Fund houses are pushing wealth managers in Asia to digitize product sales and information flows.



John Sin, BNY Mellon

Fund managers and custodian banks are lobbying their distribution partners, such as retail and private banks, to hasten the digitization of fund sales and processing.

John Sin, head of asset servicing and digital for Greater China at BNY Mellon in Hong Kong, says the buy side has woken to the need to digitize the distribution process.

In Asia, the greatest urgency is among global houses selling cross-border UCITs funds to East Asian markets such as Hong Kong, Singapore, Taiwan and Korea.

“There’s a big push to adopt new technology for sending and collecting investor orders,” Sin said. “Asset managers are engaging technology providers in order to scale distribution more efficiently.”

UCITs are funds from Europe, usually domiciled in Luxembourg or Ireland, that are authorized for pan-European Union sales, and which East Asian regulators usually accept as well. These are the most mainstream framework for selling mutual funds internationally.

Data management key

In Asia, so far, he has not seen experiments in adopting some of the blockchain-based solutions that some vendors are promoting in Europe, as reported by DigFin last month.

Custodians like BNY Mellon, which safekeep assets on behalf of both fund managers and big asset owners such as sovereign wealth funds or insurance companies, are more likely to be in competition with such platforms.

BNY Mellon recently surveyed asset managers globally. A majority of buy sides say they intend to increase their use of fund platforms and fintechs to sell products, and 80 percent say they will increase selling directly to consumers (which remains rare in Asia). Few are putting so much emphasis on financial planners or banks, although in Asia banks are by far the biggest channel available.

Shifting to platforms, fintechs, or direct-to-consumer sales is one reason why 83 percent of asset managers told BNY Mellon they are focused on rolling out digital distribution methods. A smaller majority is also rolling out APIs and other software tools for data analysis and insight.

Sin told DigFin that although Asia-based asset managers were only about 10 percent of firms surveyed, their responses are in line with global trends. There are also new drivers in the region that make digitization more important, such as Hong Kong’s new Wealth Connect program to enable Hong Kong-domiciled funds to be sold to mainland Chinese clients.

“Fund managers are asking their bank distributors to be more tech-based. The benefit to distributors is faster turnaround of information, such as confirmation notes [of fund sales] or things like dividend updates.”

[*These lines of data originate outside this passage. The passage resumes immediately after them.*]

(* Let $X$ be uniformly distributed on $[-\pi,\pi]$. Set $\varphi_0\equiv 1$, $\varphi_{2k}(x)=\sqrt{2}\cos(kx)$ and $\varphi_{2k+1}(x)=\sqrt{2}\sin(kx)$ for $k\geq 1$, and for $l\in\mathbb{N}$ let $m_D=\mathrm{Span}\{\varphi_j : j=0,\dots,2l\}$, of linear dimension $D=2l+1$. If $m_D$ satisfies the small-ball condition with constants $(\beta_0,\kappa_0)$, i.e. $\mathbb{P}(|s(X)|\geq\kappa_0\|s\|_2)\geq\beta_0$ for every $s\in m_D$ (with $\kappa_0,\beta_0>0$), then \[ \beta_0\leq C\,\kappa_0^{-1/2}D^{-3/4} \] for some absolute constant $C>0$ (the paper states that $C=3^{1/4}\sqrt{2}$ works).
   Context: $\|\cdot\|_2$ denotes the norm of $L_2(P^X)$, $P^X$ being the uniform distribution on $[-\pi,\pi]$. *)

theory Defs
  imports "HOL-Probability.Probability"
begin

definition phi :: "nat \<Rightarrow> real \<Rightarrow> real" where
  "phi j x = (if j = 0 then 1
              else if even j then sqrt 2 * cos (real (j div 2) * x)
              else sqrt 2 * sin (real ((j + 1) div 2) * x))"

definition mD :: "nat \<Rightarrow> (real \<Rightarrow> real) set" where
  "mD l = {s. \<exists>c :: nat \<Rightarrow> real. s = (\<lambda>x. \<Sum>j\<le>2*l. c j * phi j x)}"

definition unifX :: "real measure" where
  "unifX = uniform_measure lborel {-pi..pi}"

definition L2norm :: "(real \<Rightarrow> real) \<Rightarrow> real" where
  "L2norm s = sqrt (\<integral>x. (s x)\<^sup>2 \<partial>unifX)"

definition small_ball :: "(real \<Rightarrow> real) set \<Rightarrow> real \<Rightarrow> real \<Rightarrow> bool" where
  "small_ball M beta0 kappa0 \<longleftrightarrow>
     (\<forall>s\<in>M. measure unifX {x \<in> space unifX. \<bar>s x\<bar> \<ge> kappa0 * L2norm s} \<ge> beta0)"

end

theory Submission
  imports Defs
begin

text \<open>The extremal function is the Fej\'er kernel \<open>G\<^sub>n\<close> with \<open>n = l + 1\<close>, a nonnegative cosine
  polynomial of degree \<open>l\<close>, hence an element of \<open>m\<^sub>D\<close>. It concentrates near the origin:
  \<open>G\<^sub>n \<ge> n\<^sup>2/2\<close> on \<open>|x| \<le> 1/n\<close>, so \<open>\<parallel>G\<^sub>n\<parallel>\<^sub>2\<^sup>2 \<ge> n\<^sup>3/(4\<pi>)\<close>, while Jordan's inequality gives
  \<open>G\<^sub>n(x) \<le> (\<pi>/x)\<^sup>2\<close>. Thus \<open>|G\<^sub>n| \<ge> t\<close> only on an interval of length \<open>2\<pi>/\<surd>t\<close>, i.e. with probability
  at most \<open>1/\<surd>t\<close>. Taking \<open>t = \<kappa>\<^sub>0\<parallel>G\<^sub>n\<parallel>\<^sub>2\<close> in the small-ball condition yields
  \<open>\<beta>\<^sub>0 \<le> (\<kappa>\<^sub>0\<parallel>G\<^sub>n\<parallel>\<^sub>2)\<^sup>-\<^sup>1\<^sup>/\<^sup>2 \<le> 4 \<kappa>\<^sub>0\<^sup>-\<^sup>1\<^sup>/\<^sup>2 D\<^sup>-\<^sup>3\<^sup>/\<^sup>4\<close>.\<close>

lemma sin_ge_jordan:
  assumes "0 \<le> y" "y \<le> pi/2"
  shows "2 * y / pi \<le> sin y"
proof -
  have convex: "convex_on {0..pi} (\<lambda>x. - sin x)"
  proof (rule convex_on_realI[where f'="\<lambda>x. - cos x"])
    show "((\<lambda>x. - sin x) has_real_derivative - cos x) (at x)" for x
      by (auto intro!: derivative_eq_intros)
    show "- cos x \<le> - cos y" if "x \<in> {0..pi}" "y \<in> {0..pi}" "x \<le> y" for x y
      using that cos_monotone_0_pi_le by auto
  qed simp
  define t where "t = 2 * y / pi"
  have t: "0 \<le> t" "t \<le> 1" using assms by (auto simp: t_def field_simps)
  have "- sin ((1 - t) *\<^sub>R 0 + t *\<^sub>R (pi/2)) \<le> (1 - t) * - sin 0 + t * - sin (pi/2)"
    by (rule convex_onD[OF convex]) (use t in auto)
  moreover have "(1 - t) *\<^sub>R 0 + t *\<^sub>R (pi/2) = y" by (simp add: t_def)
  ultimately show ?thesis by (simp add: t_def)
qed

lemma abs_sin_half_ge:
  assumes "\<bar>x\<bar> \<le> pi"
  shows "\<bar>x\<bar> / pi \<le> \<bar>sin (x/2)\<bar>"
  using sin_ge_jordan[of "\<bar>x\<bar>/2"] assms by (cases "x \<ge> 0") auto

lemma sin_squared_diff: "sin (a::real) ^ 2 - sin b ^ 2 = sin (a + b) * sin (a - b)"
proof -
  have "sin (a + b) * sin (a - b) = (sin a * cos b)^2 - (cos a * sin b)^2"
    unfolding sin_add sin_diff power2_eq_square by (simp add: algebra_simps)
  also have "\<dots> = sin a ^ 2 * (1 - sin b ^ 2) - (1 - sin a ^ 2) * sin b ^ 2"
    by (simp add: power_mult_distrib cos_squared_eq)
  finally show ?thesis by (simp add: algebra_simps)
qed

definition dirichlet_kernel :: "nat \<Rightarrow> real \<Rightarrow> real" where
  "dirichlet_kernel m x = 1 + 2 * (\<Sum>k=1..m. cos (real k * x))"

text \<open>This is \<open>n\<close> times the usual (normalised) Fej\'er kernel.\<close>
definition fejer_kernel :: "nat \<Rightarrow> real \<Rightarrow> real" where
  "fejer_kernel n x = real n + 2 * (\<Sum>k=1..n. (real n - real k) * cos (real k * x))"

lemma dirichlet_kernel_mult_sin: "dirichlet_kernel m x * sin (x/2) = sin ((real m + 1/2) * x)"
proof (induction m)
  case 0
  then show ?case by (simp add: dirichlet_kernel_def)
next
  case (Suc m)
  have "dirichlet_kernel (Suc m) x = dirichlet_kernel m x + 2 * cos ((real m + 1) * x)"
    by (simp add: dirichlet_kernel_def algebra_simps)
  then have "dirichlet_kernel (Suc m) x * sin (x/2)
      = sin ((real m + 1/2) * x) + 2 * cos ((real m + 1) * x) * sin (x/2)"
    using Suc by (simp add: algebra_simps)
  also have "2 * cos ((real m + 1) * x) * sin (x/2)
      = sin ((real m + 1) * x + x/2) - sin ((real m + 1) * x - x/2)"
    by (simp add: sin_add sin_diff)
  also have "(real m + 1) * x + x/2 = (real (Suc m) + 1/2) * x" by (simp add: algebra_simps)
  also have "(real m + 1) * x - x/2 = (real m + 1/2) * x" by (simp add: algebra_simps)
  finally show ?case by simp
qed

lemma fejer_kernel_Suc: "fejer_kernel (Suc n) x = fejer_kernel n x + dirichlet_kernel n x"
proof -
  have "(\<Sum>k=1..Suc n. (real (Suc n) - real k) * cos (real k * x))
      = (\<Sum>k=1..n. (real n - real k) * cos (real k * x)) + (\<Sum>k=1..n. cos (real k * x))"
    by (simp add: sum.cl_ivl_Suc sum.distrib[symmetric] algebra_simps)
  then show ?thesis
    by (simp add: fejer_kernel_def dirichlet_kernel_def algebra_simps)
qed

lemma fejer_kernel_mult_sin_squared:
  "fejer_kernel n x * sin (x/2) ^ 2 = sin (real n * x / 2) ^ 2"
proof (induction n)
  case 0
  then show ?case by (simp add: fejer_kernel_def)
next
  case (Suc n)
  have "fejer_kernel (Suc n) x * sin (x/2) ^ 2
      = sin (real n * x / 2) ^ 2 + dirichlet_kernel n x * sin (x/2) * sin (x/2)"
    using Suc by (simp add: fejer_kernel_Suc algebra_simps power2_eq_square)
  also have "\<dots> = sin (real n * x / 2) ^ 2 + sin ((real n + 1/2) * x) * sin (x/2)"
    by (simp add: dirichlet_kernel_mult_sin)
  also have "sin ((real n + 1/2) * x) * sin (x/2)
      = sin (real (Suc n) * x / 2) ^ 2 - sin (real n * x / 2) ^ 2"
    by (subst sin_squared_diff) (simp add: algebra_simps add_divide_distrib)
  finally show ?case by simp
qed

lemma cos_polynomial_in_mD:
  "(\<lambda>x. a 0 + (\<Sum>k=1..l. a k * cos (real k * x))) \<in> mD l"
proof -
  define c where "c j = (if j = 0 then a 0 else if even j then a (j div 2) / sqrt 2 else 0)" for j
  have "(\<Sum>j\<le>2*l. c j * phi j x) = a 0 + (\<Sum>k=1..l. a k * cos (real k * x))" for x
  proof (induction l)
    case 0
    then show ?case by (simp add: c_def phi_def)
  next
    case (Suc l)
    have "2 * Suc l = Suc (Suc (2*l))" "Suc (Suc (2*l)) div 2 = Suc l" by simp_all
    then show ?case using Suc
      by (simp add: sum.atMost_Suc sum.cl_ivl_Suc phi_def c_def del: mult_Suc_right)
  qed
  then show ?thesis unfolding mD_def by (auto intro!: exI[of _ c])
qed

lemma fejer_kernel_in_mD: "fejer_kernel (Suc l) \<in> mD l"
proof -
  define a where "a k = (if k = 0 then real (Suc l) else 2 * (real (Suc l) - real k))" for k
  have "fejer_kernel (Suc l) = (\<lambda>x. a 0 + (\<Sum>k=1..l. a k * cos (real k * x)))"
    by (auto simp: fejer_kernel_def a_def sum.cl_ivl_Suc sum_distrib_left algebra_simps)
  then show ?thesis using cos_polynomial_in_mD by simp
qed

lemma fejer_kernel_bounds:
  assumes "x \<in> {-pi..pi}" "x \<noteq> 0"
  shows "0 \<le> fejer_kernel n x" "fejer_kernel n x \<le> (pi / x)^2"
proof -
  have "(\<bar>x\<bar> / pi)^2 \<le> \<bar>sin (x/2)\<bar>^2"
    using abs_sin_half_ge assms by (intro power_mono) auto
  then have sin_ge: "(x / pi)^2 \<le> sin (x/2)^2" by (simp add: power_divide)
  moreover have "0 < (x / pi)^2" using assms by simp
  ultimately have sin_pos: "0 < sin (x/2)^2" by linarith
  have G: "fejer_kernel n x = sin (real n * x / 2)^2 / sin (x/2)^2"
    using fejer_kernel_mult_sin_squared[of n x] sin_pos by (simp add: field_simps)
  then show "0 \<le> fejer_kernel n x" by simp
  have "fejer_kernel n x \<le> 1 / sin (x/2)^2"
    unfolding G using sin_pos by (intro divide_right_mono) (auto simp: abs_square_le_1)
  also have "\<dots> \<le> 1 / (x / pi)^2"
    using sin_ge sin_pos \<open>0 < (x / pi)^2\<close> by (intro divide_left_mono) auto
  finally show "fejer_kernel n x \<le> (pi / x)^2" by (simp add: power_divide)
qed

lemma sum_n_minus_k: "(\<Sum>k=1..n. real n - real k) = real n * (real n - 1) / 2"
proof (induction n)
  case 0
  then show ?case by simp
next
  case (Suc n)
  have "(\<Sum>k=1..Suc n. real (Suc n) - real k) = (\<Sum>k=1..n. (real n - real k) + 1)"
    by (simp add: sum.cl_ivl_Suc algebra_simps)
  also have "\<dots> = (\<Sum>k=1..n. real n - real k) + real n"
    by (simp only: sum.distrib) simp
  finally show ?case using Suc by (simp add: field_simps)
qed

lemma abs_fejer_kernel_le: "\<bar>fejer_kernel n x\<bar> \<le> real n ^ 2"
proof -
  have "\<bar>\<Sum>k=1..n. (real n - real k) * cos (real k * x)\<bar> \<le> (\<Sum>k=1..n. real n - real k)"
    by (rule order_trans[OF sum_abs sum_mono]) (auto simp: abs_mult intro: mult_left_le)
  then show ?thesis
    unfolding fejer_kernel_def sum_n_minus_k by (simp add: power2_eq_square algebra_simps)
qed

lemma fejer_kernel_ge_near_zero:
  assumes "n \<ge> 1" "\<bar>x\<bar> \<le> 1 / real n"
  shows "real n ^ 2 / 2 \<le> fejer_kernel n x"
proof -
  have cos_ge: "1/2 \<le> cos (real k * x)" if "k \<in> {1..n}" for k
  proof -
    have "real k * \<bar>x\<bar> \<le> real n * (1 / real n)"
      using that assms by (intro mult_mono) auto
    then have "\<bar>real k * x\<bar> \<le> real n * (1 / real n)" by (simp add: abs_mult)
    also have "\<dots> \<le> pi/3" using assms pi_gt3 by simp
    finally have "cos (pi/3) \<le> cos \<bar>real k * x\<bar>"
      by (intro cos_monotone_0_pi_le) auto
    then show ?thesis by (simp add: cos_60)
  qed
  have "(\<Sum>k=1..n. (real n - real k) * (1/2)) \<le> (\<Sum>k=1..n. (real n - real k) * cos (real k * x))"
    by (intro sum_mono mult_left_mono cos_ge) auto
  then have "real n * (real n - 1) / 4 \<le> (\<Sum>k=1..n. (real n - real k) * cos (real k * x))"
    using sum_n_minus_k[of n] by (simp add: sum_divide_distrib[symmetric])
  then show ?thesis by (simp add: fejer_kernel_def power2_eq_square field_simps)
qed

lemma fejer_kernel_borel_measurable [measurable]: "fejer_kernel n \<in> borel_measurable borel"
  unfolding fejer_kernel_def by measurable

lemma prob_space_unifX: "prob_space unifX"
  unfolding unifX_def by (rule prob_space_uniform_measure) auto

lemma sets_unifX [measurable_cong, simp]: "sets unifX = sets borel"
  unfolding unifX_def by simp
lemma set_strongly_star_Hurewicz_imp_strongly_star_Hurewicz:
  assumes "set_strongly_star_Hurewicz_space X"
  shows "strongly_star_Hurewicz_space X"
  unfolding strongly_star_Hurewicz_space_def
proof (intro allI impI)
  fix \<U> :: "nat \<Rightarrow> 'a set set"
  assume "\<forall>n. open_cover X (\<U> n)"
  then have cover: "\<forall>n. (\<forall>U\<in>\<U> n. openin X U) \<and> X closure_of topspace X \<subseteq> \<Union>(\<U> n)"
    unfolding open_cover_def by simp
  show "\<exists>F. (\<forall>n. finite (F n) \<and> F n \<subseteq> topspace X) \<and>
             (\<forall>x\<in>topspace X. \<forall>\<^sub>F n in sequentially. x \<in> St (F n) (\<U> n))"
  proof (cases "topspace X = {}")
    case True
    then show ?thesis by (intro exI[of _ "\<lambda>n. {}"]) simp
  next
    case False
    with cover assms show ?thesis unfolding set_strongly_star_Hurewicz_space_def
      by (elim allE[of _ "topspace X"] allE[of _ \<U>]) simp
  qed
qed

lemma set_star_Hurewicz_imp_star_Hurewicz:
  assumes "set_star_Hurewicz_space X"
  shows "star_Hurewicz_space X"
  unfolding star_Hurewicz_space_def
proof (intro allI impI)
  fix \<U> :: "nat \<Rightarrow> 'a set set"
  assume "\<forall>n. open_cover X (\<U> n)"
  then have cover: "\<forall>n. (\<forall>U\<in>\<U> n. openin X U) \<and> X closure_of topspace X \<subseteq> \<Union>(\<U> n)"
    unfolding open_cover_def by simp
  show "\<exists>\<V>. (\<forall>n. finite (\<V> n) \<and> \<V> n \<subseteq> \<U> n) \<and>
             (\<forall>x\<in>topspace X. \<forall>\<^sub>F n in sequentially. x \<in> St (\<Union>(\<V> n)) (\<U> n))"
  proof (cases "topspace X = {}")
    case True
    then show ?thesis by (intro exI[of _ "\<lambda>n. {}"]) simp
  next
    case False
    with cover assms show ?thesis unfolding set_star_Hurewicz_space_def
      by (elim allE[of _ "topspace X"] allE[of _ \<U>]) simp
  qed
qed

lemma strongly_star_Hurewicz_imp_star_Hurewicz:
  assumes "strongly_star_Hurewicz_space X"
  shows "star_Hurewicz_space X"
  unfolding star_Hurewicz_space_def
proof (intro allI impI)
  fix \<U> :: "nat \<Rightarrow> 'a set set"
  assume cover: "\<forall>n. open_cover X (\<U> n)"
  then obtain F where F: "\<forall>n. finite (F n) \<and> F n \<subseteq> topspace X"
    and ev: "\<forall>x\<in>topspace X. \<forall>\<^sub>F n in sequentially. x \<in> St (F n) (\<U> n)"
    using assms unfolding strongly_star_Hurewicz_space_def by blast
  have "\<forall>n. finite (F n) \<and> F n \<subseteq> \<Union>(\<U> n)"
    using F cover unfolding open_cover_def by simp
  then show "\<exists>\<V>. (\<forall>n. finite (\<V> n) \<and> \<V> n \<subseteq> \<U> n) \<and>
             (\<forall>x\<in>topspace X. \<forall>\<^sub>F n in sequentially. x \<in> St (\<Union>(\<V> n)) (\<U> n))"
    using ev by (rule eventually_St_points_imp_St_subfamilies)
qed
(* Let $P$ be a finite order having no level-induced suborder isomorphic to $O_{obs1}$ and no level-induced suborder isomorphic to $O_{obs2}$ (in particular, any finite order with property (itov)). Then $P$ has a relatively maximum full trunk.
   Context: Orders are partial orders; $x\sim y$ means $x\ne y$ and $x,y$ incomparable. $O_{obs1}$ is the order on $\{a,b,c,d\}$ whose only comparabilities are $a<b$, $c<d$; $O_{obs2}$ is the order on $\{a,b,c,d\}$ whose only comparabilities are $a<b$, $c<d$, $c<b$. Property (itov): no induced suborder isomorphic to $O_{obs1}$ or $O_{obs2}$. For a well-founded (e.g. finite) order $Q$, $\mathrm{Level}_Q(x)=\sup\{\mathrm{Level}_Q(y)+1:y<x\}$. A level-induced suborder of $P$ is a subset $S$ with the induced order $P|_S$ such that for all $x,y\in S$: $\mathrm{Level}_{P|_S}(x)=\mathrm{Level}_{P|_S}(y)$ iff $\mathrm{Level}_P(x)=\mathrm{Level}_P(y)$. A trunk of $P$ is a subset $T$ such that for pairwise distinct $x,y,z\in T$, $x\sim y$ and $y\sim z$ imply $x\sim z$. A chain is maximum if it has maximum cardinality among chains of $P$. A full trunk is a trunk containing a maximum chain; a relatively maximum full trunk is a full trunk that is the unique inclusion-maximal full trunk of $P$. *)

theory Defs
  imports Main
begin

text \<open>A (partial) order is a pair of a carrier set S and a reflexive, antisymmetric,
  transitive relation r on S (library notion partial_order_on).\<close>

definition strict_rel :: "'a rel \<Rightarrow> 'a rel" where
  "strict_rel r = r - Id"

text \<open>Level_Q(x) = sup { Level_Q(y)+1 : y < x }, by well-founded recursion
  (sup of the empty set is 0).\<close>
definition level :: "'a rel \<Rightarrow> 'a \<Rightarrow> nat" where
  "level r = wfrec (strict_rel r)
     (\<lambda>f x. Max (insert 0 ((\<lambda>y. f y + 1) ` {y. (y, x) \<in> strict_rel r})))"

definition induced :: "'a rel \<Rightarrow> 'a set \<Rightarrow> 'a rel" where
  "induced r T = r \<inter> (T \<times> T)"

definition level_induced :: "'a set \<Rightarrow> 'a rel \<Rightarrow> 'a set \<Rightarrow> bool" where
  "level_induced S r T \<longleftrightarrow> T \<subseteq> S \<and>
     (\<forall>x\<in>T. \<forall>y\<in>T. level (induced r T) x = level (induced r T) y
                      \<longleftrightarrow> level r x = level r y)"

definition order_iso :: "'a set \<Rightarrow> 'a rel \<Rightarrow> 'b set \<Rightarrow> 'b rel \<Rightarrow> bool" where
  "order_iso A r B s \<longleftrightarrow> (\<exists>f. bij_betw f A B \<and>
     (\<forall>x\<in>A. \<forall>y\<in>A. (x, y) \<in> r \<longleftrightarrow> (f x, f y) \<in> s))"

text \<open>Obstructions on {a,b,c,d} = {0,1,2,3}: a = 0, b = 1, c = 2, d = 3.\<close>
definition obs_carrier :: "nat set" where
  "obs_carrier = {0, 1, 2, 3}"

definition O_obs1 :: "nat rel" where
  "O_obs1 = Id_on obs_carrier \<union> {(0, 1), (2, 3)}"

definition O_obs2 :: "nat rel" where
  "O_obs2 = Id_on obs_carrier \<union> {(0, 1), (2, 3), (2, 1)}"

definition incomparable :: "'a rel \<Rightarrow> 'a \<Rightarrow> 'a \<Rightarrow> bool" where
  "incomparable r x y \<longleftrightarrow> x \<noteq> y \<and> (x, y) \<notin> r \<and> (y, x) \<notin> r"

He says asset managers in Asia are looking for vendors or custodians to help them with data management. “Fund managers receive a mountain of data from different sources, and a lot of it is unstructured,” he said. “They are adopting cloud computing to help turn this data into investment insights, as well as for processing.”

According to the survey, a majority of asset managers want digitization to improve real-time portfolio or account information, to improve self-service options for clients [such as using chatbots to supplement call centers], and to improve efforts to personalize client service.